(WHAT TO WORK ON):
Only lines with the word "alpha" belong in the answer; copy them from the records below.

(SOURCE INFORMATION):

text \<open>lfd_cache k tie I i = LFD's cache before serving request i (i.e. after requests 0..i-1).\<close>
primrec lfd_cache :: "nat \<Rightarrow> ('p list \<Rightarrow> nat \<Rightarrow> 'p set \<Rightarrow> 'p) \<Rightarrow> 'p list \<Rightarrow> nat \<Rightarrow> 'p set" where
  "lfd_cache k tie I 0 = {}"
| "lfd_cache k tie I (Suc i) = lfd_step k tie I i (lfd_cache k tie I i)"

text \<open>Ground truth (True = 1): LFD evicts r_i before its next request (or the end).\<close>
definition discard_pstar :: "nat \<Rightarrow> ('p list \<Rightarrow> nat \<Rightarrow> 'p set \<Rightarrow> 'p) \<Rightarrow> 'p list \<Rightarrow> nat \<Rightarrow> bool" where
  "discard_pstar k tie I i \<longleftrightarrow>
     (\<exists>j. i < j \<and> j \<le> next_or_end I i \<and> I ! i \<notin> lfd_cache k tie I j)"

definition discard_eta :: "nat \<Rightarrow> ('p list \<Rightarrow> nat \<Rightarrow> 'p set \<Rightarrow> 'p) \<Rightarrow> ('p \<times> bool) list \<Rightarrow> bool \<Rightarrow> nat" where
  "discard_eta k tie xs h = card {i. i < length xs \<and> snd (xs ! i) = h
                                   \<and> discard_pstar k tie (map fst xs) i = (\<not> h)}"

text \<open>phase_ids k S j rs: phase indices of the requests rs, where the current phase has index j
and has so far seen the distinct pages S.\<close>
fun phase_ids :: "nat \<Rightarrow> 'p set \<Rightarrow> nat \<Rightarrow> 'p list \<Rightarrow> nat list" where
  "phase_ids k S j [] = []"
| "phase_ids k S j (r # rs) =
     (if r \<in> S \<or> card S < k then j # phase_ids k (insert r S) j rs
      else Suc j # phase_ids k {r} (Suc j) rs)"

definition phase :: "nat \<Rightarrow> 'p list \<Rightarrow> nat \<Rightarrow> nat" where
  "phase k I i = phase_ids k {} 0 I ! i"

definition phase_pstar :: "nat \<Rightarrow> 'p list \<Rightarrow> nat \<Rightarrow> bool" where
  "phase_pstar k I i \<longleftrightarrow>
     \<not> (\<exists>i'<length I. phase k I i' = Suc (phase k I i) \<and> I ! i' = I ! i)"

definition counted :: "nat \<Rightarrow> 'p list \<Rightarrow> nat \<Rightarrow> bool" where
  "counted k I i \<longleftrightarrow> i < length I \<and> (\<exists>i'<length I. phase k I i < phase k I i')
     \<and> \<not> (\<exists>i'. i < i' \<and> i' < length I \<and> phase k I i' = phase k I i \<and> I ! i' = I ! i)"

definition phase_eta :: "nat \<Rightarrow> ('p \<times> bool) list \<Rightarrow> bool \<Rightarrow> nat" where
  "phase_eta k xs h = card {i. counted k (map fst xs) i \<and> snd (xs ! i) = h
                              \<and> phase_pstar k (map fst xs) i = (\<not> h)}"

end

theory Submission
  imports Defs
begin

text \<open>The adversary uses k + 1 pages and works in phases. A phase requests k distinct pages
x_0, ..., x_{k-1}, each immediately followed by the whole prefix x_0, ..., x_j. The page x_j is
chosen among the k + 1 - j pages that keep the phase distinct (one page for j = 0), by averaging so
that the expected cost plus a potential grows by at least 1/(k + 1 - j); hence every phase costs any
algorithm at least H_k in expectation. The repeated prefixes force LFD to evict only at phase
starts, so OPT \<le> k + N on N phases. All predictions are 0 except in the last block of each
phase, which carries a common bit m; in both setups this gives \<eta>_0 \<le> N, \<eta>_1 = 0 for m
= 0 and \<eta>_0 = 0, \<eta>_1 \<le> (k - 1) N + 1 for m = 1. Choosing m according to which
hypothesis holds, competitiveness would give N H_k \<le> N (\<alpha> + \<beta>) + O(1), resp. N
(\<alpha> + (k - 1) \<gamma>) + O(1), false for large N.\<close>

lemma integrable_pmf_bounded:
  fixes f :: "_ \<Rightarrow> real"
  assumes "\<And>x. x \<in> set_pmf M \<Longrightarrow> \<bar>f x\<bar> \<le> B"
  shows "integrable (measure_pmf M) f"
  by (rule measure_pmf.integrable_const_bound[where B=B]) (auto intro!: AE_pmfI assms)

lemma expectation_pmf_mono:
  fixes f g :: "_ \<Rightarrow> real"
  assumes "integrable (measure_pmf M) f" "integrable (measure_pmf M) g"
    and "\<And>x. x \<in> set_pmf M \<Longrightarrow> f x \<le> g x"
  shows "measure_pmf.expectation M f \<le> measure_pmf.expectation M g"
  by (rule integral_mono_AE) (auto intro!: AE_pmfI assms)

lemma expectation_pmf_ge_const:
  fixes f :: "_ \<Rightarrow> real"
  assumes "integrable (measure_pmf M) f" "\<And>x. x \<in> set_pmf M \<Longrightarrow> c \<le> f x"
  shows "c \<le> measure_pmf.expectation M f"
  using expectation_pmf_mono[of M "\<lambda>_. c" f] assms by simp

lemma expectation_pmf_abs_le:
  fixes f :: "_ \<Rightarrow> real"
  assumes "\<And>x. x \<in> set_pmf M \<Longrightarrow> \<bar>f x\<bar> \<le> B"
  shows "\<bar>measure_pmf.expectation M f\<bar> \<le> B"
proof -
  have "\<bar>measure_pmf.expectation M f\<bar> \<le> measure_pmf.expectation M (\<lambda>x. \<bar>f x\<bar>)"
    using integral_norm_bound[of M f] by simp
  also have "\<dots> \<le> measure_pmf.expectation M (\<lambda>_. B)"
    using assms by (intro expectation_pmf_mono integrable_pmf_bounded[where B=B])
      (auto intro: order_trans[OF abs_ge_zero])
  finally show ?thesis by simp
qed

lemma expectation_bind_pmf:
  fixes f :: "_ \<Rightarrow> real"
  assumes "\<And>x. x \<in> set_pmf (bind_pmf M N) \<Longrightarrow> \<bar>f x\<bar> \<le> B"
  shows "measure_pmf.expectation (bind_pmf M N) f
       = measure_pmf.expectation M (\<lambda>x. measure_pmf.expectation (N x) f)"
proof -
  \<comment> \<open>The library rule needs a global bound, so first clip f outside the support.\<close>
  define g where "g x = max (- \<bar>B\<bar>) (min \<bar>B\<bar> (f x))" for x
  have g_eq: "g y = f y" if "y \<in> set_pmf (bind_pmf M N)" for y
    using assms[OF that] by (auto simp: g_def)
  have "measure_pmf.expectation (bind_pmf M N) f = measure_pmf.expectation (bind_pmf M N) g"
    by (rule integral_cong_AE) (auto intro!: AE_pmfI simp: g_eq)
  also have "\<dots> = measure_pmf.expectation M (\<lambda>x. measure_pmf.expectation (N x) g)"
    unfolding measure_pmf_bind
    by (rule integral_bind[where K="count_space UNIV" and B="\<bar>B\<bar>" and B'=1])
      (auto simp: g_def measure_pmf.emeasure_space_1 measure_pmf_in_subprob_algebra
        prob_space_imp_subprob_space)
  also have "\<dots> = measure_pmf.expectation M (\<lambda>x. measure_pmf.expectation (N x) f)"
    by (rule integral_cong_AE) (auto intro!: AE_pmfI integral_cong_AE g_eq)
  finally show ?thesis .
qed

definition final_cache :: "'p set \<Rightarrow> ('p \<times> 'p set) list \<Rightarrow> 'p set" where
  "final_cache C ps = (if ps = [] then C else snd (last ps))"

lemma fault_count_append:
  "fault_count C (ps @ qs) = fault_count C ps + fault_count (final_cache C ps) qs"
  by (induction C ps rule: fault_count.induct) (auto simp: final_cache_def)

lemma fault_count_le_length: "fault_count C ps \<le> length ps"
  by (induction C ps rule: fault_count.induct) auto

lemma card_requests_diff_le_fault_count:
  "valid_run k C ps \<Longrightarrow> card (set (map fst ps) - C) \<le> fault_count C ps"
proof (induction ps arbitrary: C)
  case Nil
  then show ?case by simp
next
  case (Cons p ps)
  obtain r C' where p: "p = (r, C')" by (cases p)
  with Cons.prems have C': "C' \<subseteq> insert r C" "valid_run k C' ps" by auto
  have "set (map fst (p # ps)) - C \<subseteq> (set (map fst ps) - C') \<union> ({r} - C)"
    using p C'(1) by auto
  then have "card (set (map fst (p # ps)) - C) \<le> card ((set (map fst ps) - C') \<union> ({r} - C))"
    by (rule card_mono[rotated]) auto
  also have "\<dots> \<le> card (set (map fst ps) - C') + card ({r} - C)"
    by (rule card_Un_le)
  also have "\<dots> \<le> fault_count C' ps + card ({r} - C)"
    using Cons.IH[OF C'(2)] by simp
  also have "\<dots> = fault_count C (p # ps)"
    by (simp add: p insert_Diff_if)
  finally show ?case .
qed

lemma final_cache_subset:
  "valid_run k C ps \<Longrightarrow> final_cache C ps \<subseteq> C \<union> set (map fst ps)"
proof (induction ps arbitrary: C)
  case Nil
  then show ?case by (simp add: final_cache_def)
next
  case (Cons p ps)
  obtain r C' where p: "p = (r, C')" by (cases p)
  with Cons.prems have "C' \<subseteq> insert r C" "valid_run k C' ps" by auto
  moreover have "final_cache C (p # ps) = final_cache C' ps"
    by (simp add: final_cache_def p)
  ultimately show ?case using Cons.IH p by fastforce
qed

abbreviation hist_run :: "'p history \<Rightarrow> ('p \<times> 'p set) list" where
  "hist_run \<equiv> map (\<lambda>(x, C). (fst x, C))"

(EXPECTED ANSWER):
hypothesis holds, competitiveness would give N H_k \<le> N (\<alpha> + \<beta>) + O(1), resp. N
(\<alpha> + (k - 1) \<gamma>) + O(1), false for large N.\<close>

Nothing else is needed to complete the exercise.